DPRF: A Generalizable Dynamic Persona Refinement Framework for Optimizing Behavior Alignment Between Personalized LLM Role-Playing Agents and Humans
Bingsheng Yao, Bo Sun, Yuanzhe Dong, Yuxuan Lu, Dakuo Wang
DPRF (Dynamic Persona Refinement Framework) is a generalizable framework that optimizes the alignment of LLM role-playing agents' behaviors with those of target individuals. The framework addresses the limitation of manually-created persona profiles by iteratively identifying the cognitive divergence, either through free-form or theory-grounded structured analysis, between generated behaviors and human ground truth, and refining the persona profile to mitigate these divergences.
DPRF has been validated across five different LLMs and four diverse behavior-prediction scenarios:
- Formal Debates: Predicting speaker statements on socio-political issues (targeting beliefs, intentions, and knowledge)
- Mental Health Expression: Generating social media posts reflecting mental health states (targeting emotion)
- Opinionated Reviews: Creating movie reviews consistent with emotional traits (targeting emotion and knowledge)
- Public Interviews: Generating interview responses based on conversational context (targeting goals and intentions)
DPRF consistently improves behavioral alignment considerably over baseline personas and generalizes across models and scenarios. Our work provides a robust methodology for creating high-fidelity persona profiles and enhancing the validity of downstream applications, such as user simulation, social studies, and personalized AI.
- Clone the repository:
git clone git@github.com:xxx/xxx.git
- Set up environment:
uv sync
Here's a simple example of using DPRF to refine a persona:
python Evaluation/debate/debate.py \
--task_model_type sglang \
--task_model deepseek-ai/DeepSeek-R1-Distill-Llama-8B \
--refiner_model deepseek-ai/DeepSeek-R1-Distill-Llama-8B \
--refiner_model_type sglang \
--output_dir "output" \
--length 1 \
--iterations 15 \
--analysis_prompt_file prompts/analysis_brief.txt \
--refinement_prompt_file prompts/refinement.txt \
--instruction_prompt_file Evaluation/debate/prompts/instruction.txt \
--initial_persona_file Evaluation/debate/prompts/initial_persona.txt \
--data_dir Evaluation/debate/data/processed
All experimental scripts are available in the scripts/ directory. Scripts prefixed with claude_ are for Claude models (via AWS Bedrock), while other_* scripts are for open-source models (via sglang).

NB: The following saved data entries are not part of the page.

(* For all integers $n\ge 2$ and $k\ge 1$, $b(n+1,k)\ge 2\,b(n,k)$.
   Context: A complete non-ambiguous matrix (CNM) of size $n$ is an $n\times n$ matrix $M=(m_{i,j})$ with entries in $\{0,1\}$ whose support $T=\{(i,j): m_{i,j}=1\}$ (whose elements are called vertices) satisfies: (1) $(1,1)\in T$; (2) for every $p=(i,j)\in T$ with $p\neq(1,1)$, exactly one of the following holds: there is $(i',j)\in T$ with $i'<i$, or there is $(i,j')\in T$ with $j'<j$; (3) every row and every column of $M$ contains at least one vertex; (4) define the parent of $p=(i,j)\neq(1,1)$ to be $(i',j)$ with $i'<i$ maximal if such a vertex exists, and otherwise $(i,j')$ with $j'<j$ maximal; then every vertex is the parent of either zero or exactly two vertices. A vertex with no children is a leaf. The leaf matrix $p(M)$ is obtained from $M$ by replacing all non-leaf vertices by $0$ (it is a permutation matrix). For $n\ge 1$ and $k\ge 0$, $b(n,k)$ denotes the number of permutations $\sigma\in S_n$ such that there are exactly $k$ CNMs $M$ of size $n$ whose leaf matrix $p(M)$ equals the permutation matrix of $\sigma$ (the matrix with $1$'s at positions $(i,\sigma(i))$). *)

theory Defs
  imports "HOL-Combinatorics.Permutations"
begin

text \<open>A 0/1 matrix of size n is represented by its support T (a set of positions (i,j)
  with 1 \<le> i,j \<le> n, 1-based indices as in the paper).\<close>

definition parent :: "(nat \<times> nat) set \<Rightarrow> nat \<times> nat \<Rightarrow> nat \<times> nat" where
  "parent T p = (case p of (i, j) \<Rightarrow>
     if \<exists>i'<i. (i', j) \<in> T then (Max {i'. i' < i \<and> (i', j) \<in> T}, j)
     else (i, Max {j'. j' < j \<and> (i, j') \<in> T}))"

definition children :: "(nat \<times> nat) set \<Rightarrow> nat \<times> nat \<Rightarrow> (nat \<times> nat) set" where
  "children T p = {q \<in> T. q \<noteq> (1, 1) \<and> parent T q = p}"

definition is_CNM :: "nat \<Rightarrow> (nat \<times> nat) set \<Rightarrow> bool" where
  "is_CNM n T \<longleftrightarrow>
     T \<subseteq> {1..n} \<times> {1..n} \<and>
     (1, 1) \<in> T \<and>
     (\<forall>(i, j) \<in> T. (i, j) \<noteq> (1, 1) \<longrightarrow>
        ((\<exists>i'<i. (i', j) \<in> T) \<noteq> (\<exists>j'<j. (i, j') \<in> T))) \<and>
     (\<forall>i\<in>{1..n}. \<exists>j. (i, j) \<in> T) \<and>
     (\<forall>j\<in>{1..n}. \<exists>i. (i, j) \<in> T) \<and>
     (\<forall>p \<in> T. card (children T p) = 0 \<or> card (children T p) = 2)"

definition leaves :: "(nat \<times> nat) set \<Rightarrow> (nat \<times> nat) set" where
  "leaves T = {p \<in> T. children T p = {}}"

definition perm_matrix :: "nat \<Rightarrow> (nat \<Rightarrow> nat) \<Rightarrow> (nat \<times> nat) set" where
  "perm_matrix n \<sigma> = {(i, \<sigma> i) | i. i \<in> {1..n}}"

definition num_CNM :: "nat \<Rightarrow> (nat \<Rightarrow> nat) \<Rightarrow> nat" where
  "num_CNM n \<sigma> = card {T. is_CNM n T \<and> leaves T = perm_matrix n \<sigma>}"

definition b :: "nat \<Rightarrow> nat \<Rightarrow> nat" where
  "b n k = card {\<sigma>. \<sigma> permutes {1..n} \<and> num_CNM n \<sigma> = k}"

end

theory Submission
  imports Defs
begin

text \<open>Extend a permutation \<open>\<sigma>\<close> of \<open>{1..n}\<close> to \<open>\<sigma>'\<close> with \<open>\<sigma>' n = n + 1\<close> and
  \<open>\<sigma>' (n + 1) = \<sigma> n\<close>. The CNMs with leaf matrix \<open>\<sigma>'\<close> are exactly the CNMs with leaf matrix
  \<open>\<sigma>\<close> with the two leaves \<open>(n + 1, \<sigma> n)\<close> and \<open>(n, n + 1)\<close> grafted onto the leaf
  \<open>(n, \<sigma> n)\<close>, so \<open>\<sigma> \<mapsto> \<sigma>'\<close> preserves the number of CNMs. Transposition shows that
  \<open>\<sigma>\<close> and \<open>\<sigma>\<inverse>\<close> have equally many CNMs, which gives the second injection
  \<open>\<sigma> \<mapsto> ((\<sigma>\<inverse>)')\<inverse>\<close>. The two images are disjoint: a common element forces \<open>\<sigma> n = n\<close>,
  and then the leaf \<open>(n, n)\<close> has no vertex above it and none to its left, so \<open>\<sigma>\<close> has no CNM
  at all, contradicting \<open>k \<ge> 1\<close>.\<close>

definition has_above :: "(nat \<times> nat) set \<Rightarrow> nat \<Rightarrow> nat \<Rightarrow> bool" where
  "has_above T i j \<longleftrightarrow> (\<exists>i'<i. (i', j) \<in> T)"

You can customize DPRF behavior through various command-line parameters:
-
Model Configuration
--task_model: Model name for task execution (e.g.,gpt-4o,meta-llama/Llama-3.2-3B-Instruct)--task_model_type: Task model type. Options:openai,sglang,bedrock--refiner_model: Model name for persona refinement--refiner_model_type: Refiner model type. Same options as task_model_type--openai_api_key: OpenAI API key (defaults to environment variableOPENAI_API_KEY,required when using openai model)--bedrock_region: AWS Bedrock region (e.g.,us-east-1, required when using Bedrock)--model_kwargs_json: JSON string or file path for model parameters (e.g.,'{"temperature": 0.7}')
-
DPRF Refinement Parameters:
--iterations: Maximum number of refinement iterations (default: 3). Controls how many rounds of persona optimization to perform. Higher values may improve alignment but increase runtime.--analysis_prompt_file: Path to custom analysis prompt template (e.g.,prompts/analysis_brief.txt,prompts/analysis_structured.txt)--refinement_prompt_file: Path to custom refinement prompt template (e.g.,prompts/refinement.txt)
-
Data and Output:
--data_dir: Path to data directory--output_dir: Directory to save results (default:results)--length: Number of examples to randomly select (default: use all data). Useful for quick testing.--initial_persona_file: Path to initial persona template file--instruction_prompt_file: Path to instruction prompt template file
If you use DPRF in your research, please cite our paper:
@article{yao2025dprf,
title={DPRF: A Generalizable Dynamic Persona Refinement Framework for Optimizing Behavior Alignment Between Personalized LLM Role-Playing Agents and Humans},
author={Yao, Bingsheng and Sun, Bo and Dong, Yuanzhe and Lu, Yuxuan and Wang, Dakuo},
journal={arXiv preprint arXiv:2510.14205},
year={2025}
}Paper: https://arxiv.org/abs/2510.14205
This project is licensed under the MIT License.